Removal of juries and limit on damages needed to reform defamation cases, conference hears
The removal of juries, limitation of damages and more certainty in defamation cases have been raised as proposals to reform the Defamation Act 2009.
Lawyers, academics and key stakeholders working in the area of media law joined Justice Minister Charlie Flanagan yesterday at a symposium on reforming defamation law in Ireland.
The conference, held at the Royal Irish Academy, explored the legislative changes required to ensure the amended law is fit for purpose.
Mr Flanagan said there was “clear demand for review” of the law and confirmed his “openness to further legislative change” in the area of defamation.
“What we need to do now is to calibrate a complex balance between different rights which are protected both under our own laws here and our Constitution and under the ECHR,” he said.

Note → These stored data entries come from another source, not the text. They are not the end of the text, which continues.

definition fuzzy_equiv :: "('l::complete_lattice \<Rightarrow> 'l \<Rightarrow> 'l) \<Rightarrow> 'a set \<Rightarrow> ('a \<Rightarrow> 'a \<Rightarrow> 'l) \<Rightarrow> bool" where
  "fuzzy_equiv m A E \<longleftrightarrow>
     (\<forall>a\<in>A. E a a = top) \<and>
     (\<forall>a\<in>A. \<forall>b\<in>A. E a b = E b a) \<and>
     (\<forall>a\<in>A. \<forall>b\<in>A. \<forall>c\<in>A. m (E a b) (E b c) \<le> E a c)"

definition eclass :: "'a set \<Rightarrow> ('a \<Rightarrow> 'a \<Rightarrow> 'l::complete_lattice) \<Rightarrow> 'a \<Rightarrow> 'a \<Rightarrow> 'l" where
  "eclass A E a = (\<lambda>x. if x \<in> A then E a x else bot)"

definition quot :: "'a set \<Rightarrow> ('a \<Rightarrow> 'a \<Rightarrow> 'l::complete_lattice) \<Rightarrow> ('a \<Rightarrow> 'l) set" where
  "quot A E = eclass A E ` A"

definition crep :: "'a set \<Rightarrow> ('a \<Rightarrow> 'a \<Rightarrow> 'l::complete_lattice) \<Rightarrow> ('a \<Rightarrow> 'l) \<Rightarrow> 'a" where
  "crep A E q = (SOME a. a \<in> A \<and> q = eclass A E a)"

definition quot_rel :: "('l::complete_lattice \<Rightarrow> 'l \<Rightarrow> 'l) \<Rightarrow> 'a set \<Rightarrow> ('a \<Rightarrow> 'a \<Rightarrow> 'l)
    \<Rightarrow> ('a \<Rightarrow> 'a \<Rightarrow> 'l) \<Rightarrow> ('a \<Rightarrow> 'l) \<Rightarrow> ('a \<Rightarrow> 'l) \<Rightarrow> 'l" where
  "quot_rel m A E V q1 q2 = rcomp m A (rcomp m A E V) E (crep A E q1) (crep A E q2)"

definition enat :: "'a set \<Rightarrow> ('a \<Rightarrow> 'a \<Rightarrow> 'l::complete_lattice) \<Rightarrow> 'a \<Rightarrow> ('a \<Rightarrow> 'l) \<Rightarrow> 'l" where
  "enat A E a1 q = E a1 (crep A E q)"

definition WL14 :: "('l::complete_lattice \<Rightarrow> 'l \<Rightarrow> 'l) \<Rightarrow> 'a set \<Rightarrow> 'i set
    \<Rightarrow> ('i \<Rightarrow> 'a \<Rightarrow> 'a \<Rightarrow> 'l) \<Rightarrow> ('a \<Rightarrow> 'a \<Rightarrow> 'l) \<Rightarrow> bool" where
  "WL14 m A I V U \<longleftrightarrow> (\<forall>i\<in>I.
     rle A A (rcomp m A U (V i)) (rcomp m A (V i) U) \<and>
     rle A A (rcomp m A (rinv U) (V i)) (rcomp m A (V i) (rinv U)))"

definition WL23 :: "('l::complete_lattice \<Rightarrow> 'l \<Rightarrow> 'l) \<Rightarrow> 'p set \<Rightarrow> 'q set \<Rightarrow> 'i set
    \<Rightarrow> ('i \<Rightarrow> 'p \<Rightarrow> 'p \<Rightarrow> 'l) \<Rightarrow> ('i \<Rightarrow> 'q \<Rightarrow> 'q \<Rightarrow> 'l) \<Rightarrow> ('p \<Rightarrow> 'q \<Rightarrow> 'l) \<Rightarrow> bool" where
  "WL23 m P Q I V W U \<longleftrightarrow> (\<forall>i\<in>I.
     rle Q P (rcomp m P (rinv U) (V i)) (rcomp m Q (W i) (rinv U)) \<and>
     rle P Q (rcomp m Q U (W i)) (rcomp m P (V i) U))"

definition WL25 :: "('l::complete_lattice \<Rightarrow> 'l \<Rightarrow> 'l) \<Rightarrow> 'p set \<Rightarrow> 'q set \<Rightarrow> 'i set
    \<Rightarrow> ('i \<Rightarrow> 'p \<Rightarrow> 'p \<Rightarrow> 'l) \<Rightarrow> ('i \<Rightarrow> 'q \<Rightarrow> 'q \<Rightarrow> 'l) \<Rightarrow> ('p \<Rightarrow> 'q \<Rightarrow> 'l) \<Rightarrow> bool" where
  "WL25 m P Q I V W U \<longleftrightarrow> (\<forall>i\<in>I. \<forall>x\<in>P. \<forall>t\<in>Q.
     rcomp m P (V i) U x t = rcomp m Q U (W i) x t)"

The minister said he hopes to bring new legislative proposals to the Dáil before the summer recess next year for “an improved and more sustainable approach to the resolution of defamation cases”.
Dr Andrew Scott, a law professor at the London School of Economics, delivered a keynote address on the approach in common law jurisdictions, particularly in England and Wales.
“There is a concern that if you’re merely tinkering at the fringe of defamation law, you risk missing opportunities to reshape and reimagine how the law will be shaped,” he said.
Damages are a key area to address, he said, as they “allow us to signpost that what was said was incorrect”, but they are not the most effective means of securing vindication.
“The promise of high levels of damages change the incentives that the claimant faces, it turns their head away quickly from the desire to have the truth circulated and instead brings them a motivation to bring legal action where otherwise they might choose not to, ultimately to profit from their misfortune,” he said.
The conference heard from various speakers on how compensation is a fundamental area which necessitates reform.
Professor Neville Cox of Trinity College Dublin said that unless a claimant was “going to buy new friends” after their good name was tarnished, it was difficult to see how damages would help.
There was an almost unanimous opinion held by panellists that a limit on damages needs to be introduced to facilitate certainty and proportionality in the courts.
“I think it’s a common misconception that the media are trying to ride roughshod over the genuine claimant,” said Paula Mullooly, head of legal affairs at RTÉ.
“I’m not sure that any media lawyer here would dispute the fact that there is a chilling effect on the way the law is skewed.”
She said that other methods should be assessed for the efficient resolution of cases as the legal costs can often be more than the damages awarded which is “not sustainable”.
Ms Mullooly, citing the Higgins ruling last year which said that juries could assess damages in defamation cases, said that the ‘offer of amends’ has stopped being “an effective and speedy remedy” and that outcomes are “complicated and unpredictable”.
She was among several speakers calling for the unequivocal abolition of juries in determining defamation cases, with solicitor Andrea Martin saying she could see “no reason whatsoever” to retain them.
“As a balancing exercise, there are overwhelming arguments that the public interest is better served by the elimination of juries,” she said.
Ed McCann, managing editor of Independent Newspapers, said the contention to retain juries “just doesn’t stand up”.
“In terms of the efficiency of the process, in Ireland there are only nine weeks in the year when jury trials in defamation cases can be heard, so by its nature, it slows up the process. It makes our system a laughing stock,” he said.
“Holding on to a jury is not feasible if it is adding costs,” said Seamus Dooley, secretary of the National Union of Journalists.
He suggested that claimants should utilise the Press Council as a means to address their complaints, and this route was also recommended by the Press Ombudsman Peter Feeney, who proposed that lawyers inform clients about this option before taking their case.
Sasha Gayer SC was the only proponent of retaining juries, stating that they are a “fundamental concept of defamation cases” and that there was a general consensus for this among practitioners.
“By having a jury determining whether defamation has taken place means that you are asking a selection of members of the public to decide whether the plaintiff’s reputation among the public has been damaged,” she said.
“It’s ironic to suggest that it’s not appropriate to ask members of the public whether or nor there’s a defence there to matters in the public interest being published.”
She conceded that unpredictability in outcome and damages do exist in lengthy jury cases, and that some changes need to be made to the law, including ‘offer of amends’, cases heard in the Circuit Court and the use of alternative dispute resolution.
“Significant consideration should be given to using mediation in defamation actions as I think that would get people together quickly and would give plaintiffs their day out, reduce costs and conclude matters expeditiously,” she said.